LED grow lights are widly used in plant growing. Since photosynthesis is preferentially driven by specific bands of red and blue light, LEDs offer the opportunity to provide energy of the required wavelengths without wasting any of the output on wavelengths that are not useful for photosynthesis. In theory at least, this should make red, blue or red blue led grow lights less expensive than white LED lights because additional steps have to be taken to get an LED device to emit white light.
The red LED occupies a special place in the history of LED. Before the invention of LEDs in 1962, other LEDs under study emitted light that was invisible to the human eye (eg in the infrared range).
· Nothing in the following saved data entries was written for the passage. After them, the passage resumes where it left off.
(* Let $G$ be a simple graph having two edges with no common end. Then $(\lambda-1)^2$ divides $P(\mathcal{H}_{\bullet G},\lambda)$.
   Context: A hypergraph $\mathcal{H}=(\mathcal{V},\mathcal{E})$ consists of a finite vertex set $\mathcal{V}$ and a set $\mathcal{E}$ of subsets of $\mathcal{V}$, each of size at least $1$, called edges. For a positive integer $\lambda$, a weak proper $\lambda$-colouring of $\mathcal{H}$ is a map $\phi:\mathcal{V}\to\{1,\dots,\lambda\}$ such that $|\{\phi(v):v\in e\}|>1$ for every $e\in\mathcal{E}$. $P(\mathcal{H},\lambda)$ denotes the number of weak proper $\lambda$-colourings; it is a polynomial in $\lambda$. For a simple graph $G=(V,E)$, $\mathcal{H}_{\bullet G}$ is the hypergraph with vertex set $V\cup\{w\}$, $w\notin V$ a new vertex, and edge set $\{\{u,v,w\}:uv\in E\}$. *)

theory Defs
  imports "HOL-Library.FuncSet" "HOL-Computational_Algebra.Polynomial"
begin

definition weak_proper_colourings :: "'a set \<Rightarrow> 'a set set \<Rightarrow> nat \<Rightarrow> ('a \<Rightarrow> nat) set" where
  "weak_proper_colourings VV EE lam =
     {\<phi> \<in> VV \<rightarrow>\<^sub>E {1..lam}. \<forall>e\<in>EE. card (\<phi> ` e) > 1}"

definition num_weak_colourings :: "'a set \<Rightarrow> 'a set set \<Rightarrow> nat \<Rightarrow> nat" where
  "num_weak_colourings VV EE lam = card (weak_proper_colourings VV EE lam)"

definition hyp_chrom_poly :: "'a set \<Rightarrow> 'a set set \<Rightarrow> int poly" where
  "hyp_chrom_poly VV EE =
     (THE p. \<forall>lam::nat. lam \<ge> 1 \<longrightarrow> poly p (int lam) = int (num_weak_colourings VV EE lam))"

definition simple_graph :: "'a set \<Rightarrow> 'a set set \<Rightarrow> bool" where
  "simple_graph V E \<longleftrightarrow> finite V \<and> (\<forall>e\<in>E. e \<subseteq> V \<and> card e = 2)"

text \<open>The cone hypergraph H_{\<bullet>G}: new vertex w = None, vertices Some v for v in V,
  edges {u, v, w} for each edge uv of G.\<close>

definition cone_vertices :: "'a set \<Rightarrow> 'a option set" where
  "cone_vertices V = insert None (Some ` V)"

definition cone_edges :: "'a set set \<Rightarrow> 'a option set set" where
  "cone_edges E = (\<lambda>e. insert None (Some ` e)) ` E"

end

theory Submission
  imports Defs
begin

text \<open>Classify a colouring of the cone by the colour c of the apex and the set S of vertices of G
  sharing that colour. The colouring is weakly proper exactly when S contains no edge of G,
  and the vertices outside S may take any of the other \<open>\<lambda> - 1\<close> colours, so
  \<open>P(H\<^sub>\<bullet>\<^sub>G, \<lambda>) = \<lambda> \<Sum>\<^sub>S (\<lambda> - 1)\<^bsup>|V - S|\<^esup>\<close> over the independent sets S of G.
  If G has two disjoint edges, every independent set misses a vertex of each, so every
  exponent is at least 2.\<close>

definition independent_sets :: "'a set \<Rightarrow> 'a set set \<Rightarrow> 'a set set" where
  "independent_sets V E = {S. S \<subseteq> V \<and> (\<forall>e\<in>E. \<not> e \<subseteq> S)}"

lemma finite_independent_sets: "finite V \<Longrightarrow> finite (independent_sets V E)"
  by (rule finite_subset[of _ "Pow V"]) (auto simp: independent_sets_def)

definition apex_colourings :: "'a set \<Rightarrow> nat \<Rightarrow> nat \<Rightarrow> 'a set \<Rightarrow> ('a option \<Rightarrow> nat) set" where
  "apex_colourings V lam c S = PiE (cone_vertices V)
     (\<lambda>y. case y of None \<Rightarrow> {c} | Some x \<Rightarrow> if x \<in> S then {c} else {1..lam} - {c})"

lemma mem_apex_colourings:
  "\<phi> \<in> apex_colourings V lam c S \<longleftrightarrow> \<phi> \<in> extensional (cone_vertices V) \<and> \<phi> None = c \<and>
     (\<forall>x\<in>V \<inter> S. \<phi> (Some x) = c) \<and> (\<forall>x\<in>V - S. \<phi> (Some x) \<in> {1..lam} - {c})"
  by (auto simp: apex_colourings_def PiE_iff cone_vertices_def)

lemma apex_colourings_subset_PiE:
  "c \<in> {1..lam} \<Longrightarrow> apex_colourings V lam c S \<subseteq> cone_vertices V \<rightarrow>\<^sub>E {1..lam}"
  unfolding apex_colourings_def by (rule PiE_mono) (auto split: option.split)

lemma apex_colourings_class:
  assumes "\<phi> \<in> apex_colourings V lam c S" and "S \<subseteq> V"
  shows "S = {x\<in>V. \<phi> (Some x) = c}"
  using assms by (auto simp: mem_apex_colourings)

lemma apex_colourings_disjoint:
  assumes "S \<subseteq> V" "S' \<subseteq> V" "(c, S) \<noteq> (c', S')"
  shows "apex_colourings V lam c S \<inter> apex_colourings V lam c' S' = {}"
proof (intro equals0I)
  fix \<phi> assume \<phi>: "\<phi> \<in> apex_colourings V lam c S \<inter> apex_colourings V lam c' S'"
  then have "c = c'" by (simp add: mem_apex_colourings)
  moreover have "S = S'"
    using \<phi> apex_colourings_class[of \<phi> V lam] assms(1,2) \<open>c = c'\<close> by blast
  ultimately show False using assms(3) by simp
qed

lemma card_apex_colourings:
  assumes "finite V" "S \<subseteq> V" "c \<in> {1..lam}"
  shows "card (apex_colourings V lam c S) = (lam - 1) ^ card (V - S)"
proof -
  define B where "B y = (case y of None \<Rightarrow> {c} | Some x \<Rightarrow> if x \<in> S then {c} else {1..lam} - {c})"
    for y
  have "card (apex_colourings V lam c S) = (\<Prod>y\<in>cone_vertices V. card (B y))"
    unfolding apex_colourings_def B_def[symmetric]
    using assms(1) by (simp add: card_PiE cone_vertices_def)
  also have "\<dots> = (\<Prod>x\<in>V. card (B (Some x)))"
    using assms(1) by (simp add: cone_vertices_def prod.reindex B_def)
  also have "\<dots> = (\<Prod>x\<in>V. if x \<in> S then 1 else lam - 1)"
    using assms(3) by (intro prod.cong) (auto simp: B_def card_Diff_singleton)
  also have "\<dots> = (lam - 1) ^ card (V - S)"
    using assms(1) by (simp add: prod.If_cases Diff_eq)
  finally show ?thesis .
qed

lemma cone_colourings_eq_Union_apex_colourings:
  assumes "finite V" and edges: "\<forall>e\<in>E. e \<subseteq> V"
  shows "weak_proper_colourings (cone_vertices V) (cone_edges E) lam
       = (\<Union>(c, S)\<in>{1..lam} \<times> independent_sets V E. apex_colourings V lam c S)"
proof (intro equalityI subsetI)
  fix \<phi> assume "\<phi> \<in> weak_proper_colourings (cone_vertices V) (cone_edges E) lam"
  then have \<phi>: "\<phi> \<in> cone_vertices V \<rightarrow>\<^sub>E {1..lam}"
    and proper: "\<And>e. e \<in> E \<Longrightarrow> card (\<phi> ` insert None (Some ` e)) > 1"
    by (auto simp: weak_proper_colourings_def cone_edges_def)
  define c where "c = \<phi> None"
  define S where "S = {x\<in>V. \<phi> (Some x) = c}"
  have "\<not> e \<subseteq> S" if "e \<in> E" for e
  proof
    assume "e \<subseteq> S"
    then have "\<phi> ` insert None (Some ` e) \<subseteq> {c}" by (auto simp: S_def c_def)
    then have "card (\<phi> ` insert None (Some ` e)) \<le> 1"
      using card_mono[of "{c}"] by fastforce
    with proper[OF that] show False by simp
  qed
  then have "S \<in> independent_sets V E" by (auto simp: independent_sets_def S_def)
  moreover have "c \<in> {1..lam}" using \<phi> by (auto simp: c_def cone_vertices_def)
  moreover have "\<phi> \<in> apex_colourings V lam c S"
  proof -
    have "\<phi> \<in> extensional (cone_vertices V)" using \<phi> by (simp add: PiE_iff)
    moreover have "\<phi> (Some x) \<in> {1..lam}" if "x \<in> V" for x
      using PiE_mem[OF \<phi>] that by (simp add: cone_vertices_def)
    ultimately show ?thesis by (auto simp: mem_apex_colourings S_def c_def)
  qed
  ultimately show "\<phi> \<in> (\<Union>(c, S)\<in>{1..lam} \<times> independent_sets V E. apex_colourings V lam c S)"
    by blast
next
  fix \<phi> assume "\<phi> \<in> (\<Union>(c, S)\<in>{1..lam} \<times> independent_sets V E. apex_colourings V lam c S)"
  then obtain c S where c: "c \<in> {1..lam}" and S: "S \<in> independent_sets V E"
    and \<phi>: "\<phi> \<in> apex_colourings V lam c S" by auto
  have "\<phi> \<in> cone_vertices V \<rightarrow>\<^sub>E {1..lam}"
    using \<phi> apex_colourings_subset_PiE[OF c] by blast
  moreover have "card (\<phi> ` insert None (Some ` e)) > 1" if e: "e \<in> E" for e
  proof -
    obtain x where x: "x \<in> e" "x \<notin> S" using S e by (auto simp: independent_sets_def)
    have "x \<in> V" using x edges e by blast
    with \<phi> x have "\<phi> (Some x) \<noteq> \<phi> None" by (simp add: mem_apex_colourings)
    moreover have "finite e" using assms(1) edges e finite_subset by blast
    ultimately have "card {\<phi> None, \<phi> (Some x)} \<le> card (\<phi> ` insert None (Some ` e))"
      using x by (intro card_mono) auto
    with \<open>\<phi> (Some x) \<noteq> \<phi> None\<close> show ?thesis by simp
  qed
  ultimately show "\<phi> \<in> weak_proper_colourings (cone_vertices V) (cone_edges E) lam"
    by (auto simp: weak_proper_colourings_def cone_edges_def)
qed

lemma num_weak_colourings_cone:
  assumes "finite V" and "\<forall>e\<in>E. e \<subseteq> V"
  shows "num_weak_colourings (cone_vertices V) (cone_edges E) lam
       = lam * (\<Sum>S\<in>independent_sets V E. (lam - 1) ^ card (V - S))"
proof -
  let ?I = "{1..lam} \<times> independent_sets V E"
  have "num_weak_colourings (cone_vertices V) (cone_edges E) lam
      = card (\<Union>(c, S)\<in>?I. apex_colourings V lam c S)"
    unfolding num_weak_colourings_def cone_colourings_eq_Union_apex_colourings[OF assms] ..
  also have "\<dots> = (\<Sum>p\<in>?I. card (case p of (c, S) \<Rightarrow> apex_colourings V lam c S))"
  proof (rule card_UN_disjoint)
    show "finite ?I" using finite_independent_sets[OF assms(1)] by simp
    show "\<forall>p\<in>?I. finite (case p of (c, S) \<Rightarrow> apex_colourings V lam c S)"
      using assms(1) by (auto simp: apex_colourings_def cone_vertices_def intro!: finite_PiE)
    show "\<forall>p\<in>?I. \<forall>q\<in>?I. p \<noteq> q \<longrightarrow>
        (case p of (c, S) \<Rightarrow> apex_colourings V lam c S) \<inter>
        (case q of (c, S) \<Rightarrow> apex_colourings V lam c S) = {}"
    proof (intro ballI impI)
      fix p q assume "p \<in> ?I" "q \<in> ?I" "p \<noteq> q"
      then show "(case p of (c, S) \<Rightarrow> apex_colourings V lam c S) \<inter>
          (case q of (c, S) \<Rightarrow> apex_colourings V lam c S) = {}"
        by (cases p; cases q) (simp add: independent_sets_def apex_colourings_disjoint)
    qed
  qed
  also have "\<dots> = (\<Sum>(c, S)\<in>?I. (lam - 1) ^ card (V - S))"
    using assms(1) by (intro sum.cong) (auto simp: independent_sets_def card_apex_colourings)
  also have "\<dots> = lam * (\<Sum>S\<in>independent_sets V E. (lam - 1) ^ card (V - S))"
    by (simp add: sum.cartesian_product[symmetric])
  finally show ?thesis .
qed

lemma int_poly_eqI_pos_nat:
  fixes p q :: "int poly"
  assumes "\<And>n::nat. n \<ge> 1 \<Longrightarrow> poly p (int n) = poly q (int n)"
  shows "p = q"
proof (rule ccontr)
  assume "p \<noteq> q"
  then have "finite {x. poly (p - q) x = 0}" by (intro poly_roots_finite) simp
  moreover have "int ` {1..} \<subseteq> {x. poly (p - q) x = 0}" using assms by auto
  ultimately have "finite (int ` {1::nat..})" by (rule finite_subset[rotated])
  then have "finite {1::nat..}" by (rule finite_imageD) simp
  then show False using infinite_Ici by blast
qed

lemma hyp_chrom_polyI:
  assumes "\<And>n::nat. n \<ge> 1 \<Longrightarrow> poly p (int n) = int (num_weak_colourings VV EE n)"
  shows "hyp_chrom_poly VV EE = p"
  unfolding hyp_chrom_poly_def
proof (rule the_equality)
  show "\<forall>n::nat. n \<ge> 1 \<longrightarrow> poly p (int n) = int (num_weak_colourings VV EE n)"
    using assms by blast
  fix q assume "\<forall>n::nat. n \<ge> 1 \<longrightarrow> poly q (int n) = int (num_weak_colourings VV EE n)"
  with assms show "q = p" by (intro int_poly_eqI_pos_nat) simp
qed

lemma hyp_chrom_poly_cone:
  assumes "finite V" and "\<forall>e\<in>E. e \<subseteq> V"
  shows "hyp_chrom_poly (cone_vertices V) (cone_edges E)
       = [:0, 1:] * (\<Sum>S\<in>independent_sets V E. [:-1, 1:] ^ card (V - S))"
proof (rule hyp_chrom_polyI)
  fix n :: nat assume "n \<ge> 1"
  then show "poly ([:0, 1:] * (\<Sum>S\<in>independent_sets V E. [:-1, 1:] ^ card (V - S))) (int n)
      = int (num_weak_colourings (cone_vertices V) (cone_edges E) n)"
    by (simp add: num_weak_colourings_cone[OF assms] poly_sum of_nat_diff)
qed

lemma two_le_card_Diff_independent:
  assumes "finite V" "S \<in> independent_sets V E"
    and "e1 \<in> E" "e2 \<in> E" "e1 \<inter> e2 = {}" "e1 \<subseteq> V" "e2 \<subseteq> V"
  shows "2 \<le> card (V - S)"
proof -
  obtain x1 where x1: "x1 \<in> e1 - S" using assms(2,3) by (auto simp: independent_sets_def)
  obtain x2 where x2: "x2 \<in> e2 - S" using assms(2,4) by (auto simp: independent_sets_def)
  have "x1 \<noteq> x2" using x1 x2 assms(5) by blast
  with x1 x2 assms(6,7) have "{x1, x2} \<subseteq> V - S" "card {x1, x2} = 2" by auto
  then show ?thesis using assms(1) by (metis card_mono finite_Diff)
qed

theorem mainTheorem18:
  fixes V :: "'a set" and E :: "'a set set"
  assumes "simple_graph V E"
    and "\<exists>e1\<in>E. \<exists>e2\<in>E. e1 \<inter> e2 = {}"
  shows "[:-1, 1:] ^ 2 dvd hyp_chrom_poly (cone_vertices V) (cone_edges E)"
proof -
  have V: "finite V" and edges: "\<forall>e\<in>E. e \<subseteq> V"
    using assms(1) by (auto simp: simple_graph_def)
  obtain e1 e2 where e: "e1 \<in> E" "e2 \<in> E" "e1 \<inter> e2 = {}" using assms(2) by blast
  have "[:-1, 1:] ^ 2 dvd ([:-1, 1:] ^ card (V - S) :: int poly)"
    if "S \<in> independent_sets V E" for S
    using two_le_card_Diff_independent[OF V that e] edges e by (simp add: le_imp_power_dvd)
  then have "[:-1, 1:] ^ 2 dvd (\<Sum>S\<in>independent_sets V E. [:-1, 1:] ^ card (V - S) :: int poly)"
    by (rule dvd_sum)
  then show ?thesis
    unfolding hyp_chrom_poly_cone[OF V edges] by (rule dvd_mult)
qed

end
It was Nick Holonyak (Jr.) who proposed a method for synthesizing gallium arsenide phosphide, which is the first useful visible light LED. Even so, red LEDs were initially largely scientific curiosity and research topics due to their high costs (hundreds of dollars each), and LEDs have not reached an economically feasible price point in the past decade.
Plants like red light with a wavelength of about 640 to 675 nanometers (nm). As it happens, LEDs with this range of output are readily available, and in particular there are two very suitable for growing lighting applications. They are super red light (660 nm) made of gallium aluminum arsenide, and high-efficiency red light (635 nm) made of gallium arsenide and gallium phosphide.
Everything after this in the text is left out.